Agenda for Studio 2

  • Week 1-3: Data Extraction and Basics

Week 1: Introduction to SQL - Basic commands (SELECT, INSERT, UPDATE, DELETE).

Week 2: Advanced SQL: Joins, subqueries. Pandas in Python: Introduction, Data manipulation.

Week 3:Pandas: Filtering, aggregation. Introduction to Web Scraping with Scrapy.

  • Week 4-6: Data Cleaning and Preprocessing

Week 4: Handling Missing Data: Techniques like imputation, deletion. Data Transformation: Introduction to Normalization, scaling.

Week 5: Regular Expressions (Regex) for Data Cleaning. Continued Data Transformation Techniques.

Week 6: Data Cleaning with NumPy and Pandas: Practical examples. Sample notebooks on Regex and data cleaning.

  • Week 7-9: Data Modeling: Supervised Learning

Week 7: Linear Regression - Basics and assumptions.

Week 8: Classification Techniques: Logistic regression, decision trees. Regularization: Lasso and Ridge regression.

Week 9: Tree-Based Models: Decision trees, Random Forests. Brief comparison of XGBoost and LGBM.

  • Week 10-11: Model Explainability

Week 10: Complex Models vs. Interpretability. Introduction to SHAP Values.

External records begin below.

lemma F_inj_cmp_right:
  assumes i: "i \<in> F_inj K F" "i \<in> Hom K X Y" and h: "h \<in> Hom K W X"
  shows "cmp K i h \<in> F_inj K F"
proof -
  have "push K C (cmp K i h) \<delta> = ezero K C Y" if C: "C \<in> obj K" and \<delta>: "\<delta> \<in> F C W" for C \<delta>
  proof -
    have "\<delta> \<in> Ext K C W" using F_subset_Ext C Hom_obj[OF h] \<delta> by blast
    then have "push K C (cmp K i h) \<delta> = push K C i (push K C h \<delta>)"
      using push_cmp[OF h i(2) C] by simp
    then show ?thesis using i F_inj_iff C push_F[OF h C \<delta>] by simp
  qed
  then show ?thesis using F_inj_iff[OF cmp_Hom[OF h i(2)]] by blast
qed

lemma F_inj_ideal: "is_ideal K (F_inj K F)"
  by (rule is_idealI[OF _ F_inj_subgroup F_inj_cmp_left F_inj_cmp_right]) (auto simp: F_inj_def)

lemma pull_Ph_push_F_inj:
  assumes \<phi>: "\<phi> \<in> Ph K F" "\<phi> \<in> Hom K X C" and i: "i \<in> F_inj K F" "i \<in> Hom K A Y"
    and \<delta>: "\<delta> \<in> Ext K C A"
  shows "pull K Y \<phi> (push K C i \<delta>) = ezero K X Y"
proof -
  have "pull K A \<phi> \<delta> \<in> F X A" using \<phi> Ph_iff Hom_obj[OF i(2)] \<delta> by blast
  then have "push K X i (pull K A \<phi> \<delta>) = ezero K X Y" using i F_inj_iff Hom_obj[OF \<phi>(2)] by blast
  then show ?thesis using push_pull[OF i(2) \<phi>(2) \<delta>] by simp
qed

Week 11: Feature Importance Techniques. Case Studies on model interpretability.

  • Week 12: Experiment Tracking and Management

Week 12: Introduction to MLflow and its components. Tracking Experiments with MLflow.

  • Week 13-15: Model Deployment

Week 13: Introduction to Docker for data science. Basics of building interactive apps with Streamlit/Gradio.

Week 14: Deployment Best Practices. Version control and CI/CD concepts.

Week 15: Deploying a simple model using Docker. Creating interactive demos with Streamlit/Gradio.